This paper proposes a new technique for Extract Method recommendation that applies code2seq[10], a method name estimation technique, to a part of code to be extracted, and uses the confidence value of the estimated name in addition to the metrics used by existing methods. Because the confidence value of code2seq is correlated to the degree of correspondence between the name of the method and its content, the proposed technique is expected to reflect whether the part of the code to be extracted is semantically coherent enough to be given a clear name. In order to utilize the metrics and recommendation algorithms used by the existing methods, the proposed technique is implemented by extending GEMS[9], which is the state of the art of Extract Method recommendation.

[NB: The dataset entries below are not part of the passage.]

text \<open>Otherwise \<open>w i\<close> and \<open>w (i + 4)\<close> would share both octagon neighbours
  \<open>x (i + 1)\<close> and \<open>x (i + 5)\<close>.\<close>
lemma w_nbr_shift_5: "w_nbr i = x (i + 5) \<Longrightarrow> w_nbr (i + 4) = x (i + 7)"
proof -
  assume a: "w_nbr i = x (i + 5)"
  have "w_nbr (i + 4) = x (i + 7) \<or> w_nbr (i + 4) = x (i + 9)"
    using w_nbr_cases[of "i + 4"] by (simp add: add.assoc)
  moreover have "w_nbr (i + 4) \<noteq> x (i + 9)"
  proof
    assume b: "w_nbr (i + 4) = x (i + 9)"
    have "x (i + 9) = x (i + 1)" by (rule x_eq_if_dvd) simp
    have "w i = w (i + 4)"
    proof (rule common_octagon_neighbours)
      show "oedge (w i) (x (i + 1))" by (rule twisted)
      show "oedge (w i) (x (i + 5))" using oedge_w_nbr[of i] a by simp
      show "oedge (w (i + 4)) (x (i + 1))" using oedge_w_nbr[of "i + 4"] b \<open>x (i + 9) = x (i + 1)\<close> by simp
      show "oedge (w (i + 4)) (x (i + 5))" using twisted[of "i + 4"] by (simp add: add.assoc)
      show "x (i + 1) \<noteq> x (i + 5)" by (rule x_ne) simp
    qed
    then show False using w_ne[of i "i + 4"] by simp
  qed
  ultimately show ?thesis by blast
qed

lemma w_nbr_shift_3: "w_nbr i = x (i + 3) \<Longrightarrow> w_nbr (i + 7) = x (i + 10)"
proof -
  assume "w_nbr i = x (i + 3)"
  then have "w_nbr (i + 3) = x i" by (rule w_nbr_swap)
  also have "x i = x (i + 3 + 5)" by (rule x_eq_if_dvd) simp
  finally show ?thesis using w_nbr_shift_5[of "i + 3"] by (simp add: add.assoc)
qed

lemma no_twisted_belt: False
proof -
  have "\<exists>i. w_nbr i = x (i + 3)"
  proof (cases "w_nbr 0 = x 3")
    case False
    then have "w_nbr 0 = x 5" using w_nbr_cases[of 0] by simp
    then have "w_nbr 4 = x 7" using w_nbr_shift_5[of 0] by simp
    then show ?thesis by (intro exI[of _ 4]) simp
  qed (metis add_0)
  then obtain i where i: "w_nbr i = x (i + 3)" by blast
  have "w_nbr (i + 7) = x (i + 7 + 3)" using w_nbr_shift_3[OF i] by (simp add: add.assoc)
  then have "w_nbr (i + 14) = x (i + 14 + 3)" using w_nbr_shift_3[of "i + 7"] by (simp add: add.assoc)
  then have "w_nbr (i + 21) = x (i + 24)" using w_nbr_shift_3[of "i + 14"] by (simp add: add.assoc)
  also have "x (i + 24) = x i" by (rule x_eq_if_dvd) simp
  finally have "w_nbr i = x (i + 21)" by (rule w_nbr_swap)
  also have "x (i + 21) = x (i + 5)" by (rule x_eq_if_dvd) simp
  finally show False using i x_ne[of "i + 3" "i + 5"] by simp
qed

end

context octagon_belt
begin

lemma at_most_three_octagons_absurd:
  assumes "card (oct ` V) \<le> 3"
  shows False
  using belt_chirality
proof
  assume "\<forall>i. oedge (w i) (x (i + 1))"
  then have "twisted_belt V oct oedge tri u w x"
    using assms by (intro twisted_belt.intro octagon_belt.intro links_3_4_8_axioms octagon_belt_axioms
        twisted_belt_axioms.intro) simp_all
  then show False by (rule twisted_belt.no_twisted_belt)
next
  assume twist: "\<forall>i. oedge (w i) (x i)"
  have "twisted_belt V oct oedge tri (\<lambda>i. u (- i)) (\<lambda>i. w (- i - 1)) (\<lambda>i. x (- i))"
  proof (intro twisted_belt.intro belt_mirror twisted_belt_axioms.intro assms)
    fix i :: int
    show "oedge (w (- i - 1)) (x (- (i + 1)))" using twist[rule_format, of "- i - 1"] by simp
  qed
  then show False by (rule twisted_belt.no_twisted_belt)
qed

end

context links_3_4_8
begin

lemma octagon_belt_exists: "\<exists>u w x. octagon_belt V oct oedge tri u w x"
proof -
  obtain v where v: "v \<in> V" using V_nonempty by blast
  obtain u :: "int \<Rightarrow> 'a" where u_eq_iff: "\<And>i j. u i = u j \<longleftrightarrow> i mod 8 = j mod 8"
    and u_oct: "\<And>i. oct (u i) = oct v" and u_oedge: "\<And>i. oedge (u i) (u (i + 1))"
    using octagon_as_int_cycle[OF v] by blast
  have "\<exists>t. link (u i) (u (i - 1)) (fst t) (fst (snd t)) (snd (snd t)) (u (i + 1))" for i
  proof -
    have "oedge (u i) (u (i - 1))" using u_oedge[of "i - 1"] oedge_sym by simp
    moreover have "u (i - 1) \<noteq> u (i + 1)" unfolding u_eq_iff mod_eq_dvd_iff by simp
    ultimately obtain c1 c2 c3 where "link (u i) (u (i - 1)) c1 c2 c3 (u (i + 1))"
      using link_between[OF _ u_oedge] by blast
    then show ?thesis by (intro exI[of _ "(c1, c2, c3)"]) simp
  qed
  define t where
    "t i = (SOME t. link (u i) (u (i - 1)) (fst t) (fst (snd t)) (snd (snd t)) (u (i + 1)))" for i
  have t: "link (u i) (u (i - 1)) (fst (t i)) (fst (snd (t i))) (snd (snd (t i))) (u (i + 1))" for i
    unfolding t_def by (rule someI_ex) fact
  define w where "w i = snd (snd (t i))" for i
  define x where "x i = fst (snd (t i))" for i
  text \<open>The triangle on the octagon edge \<open>u i u (i + 1)\<close> is seen from both of its ends.\<close>
  have first: "fst (t i) = w (i - 1)" for i
  proof -
    have "tri (u i) (u (i - 1)) (fst (t i))" using link_tri_iff[OF t[of i]] by simp
    then have "tri (u (i - 1)) (u i) (fst (t i))" by (rule tri_perms)
    then have "tri (u (i - 1)) (u (i - 1 + 1)) (fst (t i))" by simp
    then show ?thesis unfolding w_def
      using link_distinct[OF t[of "i - 1"]] unfolding link_tri_iff[OF t[of "i - 1"]] by auto
  qed
  have "octagon_belt V oct oedge tri u w x"
  proof (unfold_locales)
    fix i j :: int
    show "link (u i) (u (i - 1)) (w (i - 1)) (x i) (w i) (u (i + 1))"
      using t[of i] first[of i] unfolding w_def x_def by simp
    show "u i = u j \<longleftrightarrow> i mod 8 = j mod 8" by (rule u_eq_iff)
    show "oct (u i) = oct (u 0)" using u_oct by simp
    have "u (i + 8 - 1) = u (i - 1)" "u (i + 8) = u i" "u (i + 8 + 1) = u (i + 1)"
      unfolding u_eq_iff mod_eq_dvd_iff by simp_all
    then have "t (i + 8) = t i" unfolding t_def by simp
    then show "w (i + 8) = w i" "x (i + 8) = x i" unfolding w_def x_def by simp_all
  qed
  then show ?thesis by blast
qed

theorem three_lt_card_octagons: "3 < card (oct ` V)"
proof (rule ccontr)
  assume "\<not> 3 < card (oct ` V)"
  moreover obtain u w x where "octagon_belt V oct oedge tri u w x" using octagon_belt_exists by blast
  ultimately show False using octagon_belt.at_most_three_octagons_absurd by (metis not_less)
qed

end

locale semi_equivelar_3_4_8 =
  fixes F :: "'a list set"
  assumes semi_equivelar: "semi_equivelar F [3, 3, 3, 3, 8]"

sublocale semi_equivelar_3_4_8 \<subseteq> polyhedral
  using semi_equivelar unfolding semi_equivelar_def by unfold_locales blast

context semi_equivelar_3_4_8
begin

lemma faces_around_vertex:
  assumes "v \<in> map_vertices F"
  obtains g0 g1 g2 g3 g4 where "distinct [g0, g1, g2, g3, g4]" "faces_at F v = {g0, g1, g2, g3, g4}"
    "length g0 = 8" "length g1 = 3" "length g2 = 3" "length g3 = 3" "length g4 = 3"
    "adj_at F v g0 g1" "adj_at F v g1 g2" "adj_at F v g2 g3" "adj_at F v g3 g4" "adj_at F v g4 g0"
proof -
  let ?adj = "\<lambda>f g. \<exists>e\<in>poly_edges f \<inter> poly_edges g. v \<in> e"
  obtain fs where fs: "distinct fs" "set fs = faces_at F v" "length fs = 5"
    and chain: "\<forall>i<length fs. ?adj (fs ! i) (fs ! (Suc i mod length fs))"
    and "\<exists>k. rotate k (map length fs) = [3, 3, 3, 3, 8] \<or> rotate k (rev (map length fs)) = [3, 3, 3, 3, 8]"
    using semi_equivelar assms unfolding semi_equivelar_def vertex_type_def by fastforce
  then have "mset (map length fs) = mset [3, 3, 3, 3, 8::nat]"
    by (metis mset_rev mset_rotate)
  then have lengths: "mset (map length fs) = {#3, 3, 3, 3, 8#}" by simp
  then have "set (map length fs) = set_mset {#3, 3, 3, 3, 8#}" by (metis set_mset_mset)
  then have "8 \<in> set (map length fs)" by simp
  then obtain k where k: "k < 5" "length (fs ! k) = 8"
    using fs(3) by (auto simp: in_set_conv_nth)
  define gs where "gs = rotate k fs"
  have gs: "distinct gs" "set gs = faces_at F v" "length gs = 5" "gs ! 0 = fs ! k"
    "mset (map length gs) = {#3, 3, 3, 3, 8#}"
    using fs k lengths by (simp_all add: gs_def nth_rotate mset_rotate flip: rotate_map)
  have gs_chain: "\<forall>i<5. ?adj (gs ! i) (gs ! (Suc i mod 5))"
    using cyclic_chain_rotate[OF chain] fs(3) by (simp add: gs_def)
  obtain g0 g1 g2 g3 g4 where g: "gs = [g0, g1, g2, g3, g4]"
    using gs(3) by (auto simp: numeral_eq_Suc length_Suc_conv)
  have dist: "distinct [g0, g1, g2, g3, g4]" and faces: "faces_at F v = {g0, g1, g2, g3, g4}"
    using gs(1,2) unfolding g by simp_all
  have "?adj g0 g1" "?adj g1 g2" "?adj g2 g3" "?adj g3 g4" "?adj g4 g0"
    using gs_chain[rule_format, of 0] gs_chain[rule_format, of 1] gs_chain[rule_format, of 2]
      gs_chain[rule_format, of 3] gs_chain[rule_format, of 4] by (simp_all add: g)
  then have "adj_at F v g0 g1" "adj_at F v g1 g2" "adj_at F v g2 g3" "adj_at F v g3 g4" "adj_at F v g4 g0"
    using dist unfolding adj_at_def faces by auto
  moreover have "length g0 = 8" "length g1 = 3" "length g2 = 3" "length g3 = 3" "length g4 = 3"
    using gs(4,5) k(2) unfolding g by (auto dest!: arg_cong[where f = set_mset])
  ultimately show thesis using that dist faces by blast
qed


lemma edge_between_faces:
  assumes "adj_at F v f g"
  obtains y where "y \<noteq> v" "{v, y} \<in> poly_edges f" "{v, y} \<in> poly_edges g"
  using assms edge_through_vertex[OF face_distinct face_length]
  unfolding adj_at_def faces_at_def by (metis IntD1 IntD2 mem_Collect_eq)

lemma link_at_vertex:
  assumes "v \<in> map_vertices F"
  obtains Oc T1 T2 T3 T4 p c1 c2 c3 q where
    "faces_at F v = {Oc, T1, T2, T3, T4}" "distinct [Oc, T1, T2, T3, T4]"
    "length Oc = 8" "length T1 = 3" "length T2 = 3" "length T3 = 3" "length T4 = 3"
    "set T1 = {v, p, c1}" "set T2 = {v, c1, c2}" "set T3 = {v, c2, c3}" "set T4 = {v, c3, q}"
    "distinct [v, p, c1, c2, c3, q]" "{e \<in> poly_edges Oc. v \<in> e} = {{v, p}, {v, q}}"
    "c1 \<notin> set Oc" "c2 \<notin> set Oc" "c3 \<notin> set Oc"
proof -
  obtain g0 g1 g2 g3 g4 where dist: "distinct [g0, g1, g2, g3, g4]"
    and faces: "faces_at F v = {g0, g1, g2, g3, g4}"
    and len: "length g0 = 8" "length g1 = 3" "length g2 = 3" "length g3 = 3" "length g4 = 3"
    and adj: "adj_at F v g0 g1" "adj_at F v g1 g2" "adj_at F v g2 g3" "adj_at F v g3 g4" "adj_at F v g4 g0"
    using faces_around_vertex[OF assms] by blast
  have inF: "g0 \<in> F" "g1 \<in> F" "g2 \<in> F" "g3 \<in> F" "g4 \<in> F"
    and v_in: "v \<in> set g0" "v \<in> set g2"
    using faces unfolding faces_at_def by blast+
  obtain p where p: "p \<noteq> v" "{v, p} \<in> poly_edges g0" "{v, p} \<in> poly_edges g1"
    using edge_between_faces[OF adj(1)] .
  obtain c1 where c1: "c1 \<noteq> v" "{v, c1} \<in> poly_edges g1" "{v, c1} \<in> poly_edges g2"
    using edge_between_faces[OF adj(2)] .
  obtain c2 where c2: "c2 \<noteq> v" "{v, c2} \<in> poly_edges g2" "{v, c2} \<in> poly_edges g3"
    using edge_between_faces[OF adj(3)] .
  obtain c3 where c3: "c3 \<noteq> v" "{v, c3} \<in> poly_edges g3" "{v, c3} \<in> poly_edges g4"
    using edge_between_faces[OF adj(4)] .
  obtain q where q: "q \<noteq> v" "{v, q} \<in> poly_edges g4" "{v, q} \<in> poly_edges g0"
    using edge_between_faces[OF adj(5)] .
  have ne: "a \<noteq> b" if "{v, a} \<in> poly_edges f" "{v, a} \<in> poly_edges g" "{v, b} \<in> poly_edges h"
    "f \<in> F" "g \<in> F" "h \<in> F" "distinct [f, g, h]" for a b f g h
    using no_edge_in_three_faces[OF that(4-7) that(1,2)] that(3) by blast
  have "p \<noteq> c1" "p \<noteq> c2" "p \<noteq> c3" "p \<noteq> q" "c1 \<noteq> c2" "c1 \<noteq> c3" "c1 \<noteq> q"
    "c2 \<noteq> c3" "c2 \<noteq> q" "c3 \<noteq> q"
    using ne[OF p(2,3) c1(3) inF(1-3)] ne[OF p(2,3) c2(2) inF(1-3)] ne[OF p(2,3) c3(2) inF(1,2,4)]
      ne[OF p(2,3) q(2) inF(1,2,5)] ne[OF c1(2,3) c2(3) inF(2-4)] ne[OF c1(2,3) c3(2) inF(2-4)]
      ne[OF c1(2,3) q(2) inF(2,3,5)] ne[OF c2(2,3) c3(3) inF(3-5)] ne[OF c2(2,3) q(2) inF(3-5)]
      ne[OF c3(2,3) q(3) inF(4,5,1)] dist
    by (simp_all add: eq_commute[of g3 g0] eq_commute[of g4 g0])
  then have D: "distinct [v, p, c1, c2, c3, q]" using p(1) c1(1) c2(1) c3(1) q(1) by auto
  have triangle: "set T = {v, a, b}"
    if "T \<in> F" "length T = 3" "{v, a} \<in> poly_edges T" "{v, b} \<in> poly_edges T" "distinct [v, a, b]"
    for T a b
    using triangle_set_eq[OF face_distinct[OF that(1)] that(2,5)] poly_edges_subset_set that(3,4)
    by blast
  have T: "set g1 = {v, p, c1}" "set g2 = {v, c1, c2}" "set g3 = {v, c2, c3}" "set g4 = {v, c3, q}"
    using triangle[OF inF(2) len(2) p(3) c1(2)] triangle[OF inF(3) len(3) c1(3) c2(2)]
      triangle[OF inF(4) len(4) c2(3) c3(2)] triangle[OF inF(5) len(5) c3(3) q(2)] D
    by auto
  have oct_edges: "{e \<in> poly_edges g0. v \<in> e} = {{v, p}, {v, q}}"
    using edges_at_vertex_eq[OF face_distinct face_length] inF(1) p(2) q(3) D by simp
  have ne_faces: "g0 \<noteq> g1" "g0 \<noteq> g2" "g0 \<noteq> g4" using dist by auto
  have three_common: False if "distinct [a, b, c]" "{a, b, c} \<subseteq> set g0 \<inter> set g" "g \<in> F" "g0 \<noteq> g"
    for a b c g
    using card_mono[OF _ that(2)] card_face_inter_le_2[OF inF(1) that(3,4)] that(1) by simp
  have c13: "c1 \<notin> set g0" "c3 \<notin> set g0"
    using three_common[of v p c1 g1] three_common[of v c3 q g4] ne_faces v_in(1) D T
      poly_edges_subset_set[OF p(2)] poly_edges_subset_set[OF q(3)] inF by auto
  have c2_out: "c2 \<notin> set g0"
  proof
    assume "c2 \<in> set g0"
    then have "set g0 \<inter> set g2 = {v, c2}" using T(2) v_in(1) c13(1) by (simp add: Int_insert_right)
    then have "{v, c2} \<in> poly_edges g0"
      by (rule face_inter_doubleton_is_edge[OF inF(1,3) ne_faces(2) c2(1)[symmetric]])
    then have "{v, c2} \<in> {{v, p}, {v, q}}" unfolding oct_edges[symmetric] by simp
    then show False using D by (simp add: doubleton_eq_iff)
  qed
  show thesis by (rule that[OF faces dist len T D oct_edges c13(1) c2_out c13(2)])
qed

This paper is organized as follows. Section II introduces Extract Method refactoring, method name recommendation, and existing recommendation techniques as prior knowledge of this research; Section III describes the proposed technique; Section IV shows the evaluation experiments; and finally, Section V summarizes this research.

II Related Work

II-A Extract Method Refactoring

Extract Method refactoring is a technique to separate a method by extracting some code from an existing method as a new method[1]. The purpose of this refactoring is to improve the comprehension of the program by splitting a method that is too long, or a method that implements multiple features into each one. This refactoring consists of the following steps.

1.

Determine the code to be extracted from the existing methods.
2.

Create a new method by extracting the determined code into the body.
3.

Give the new method a clear name that identifies the role and behavior of the code.
4.

Replace the extracted code fragments with the call to the new method in the source method.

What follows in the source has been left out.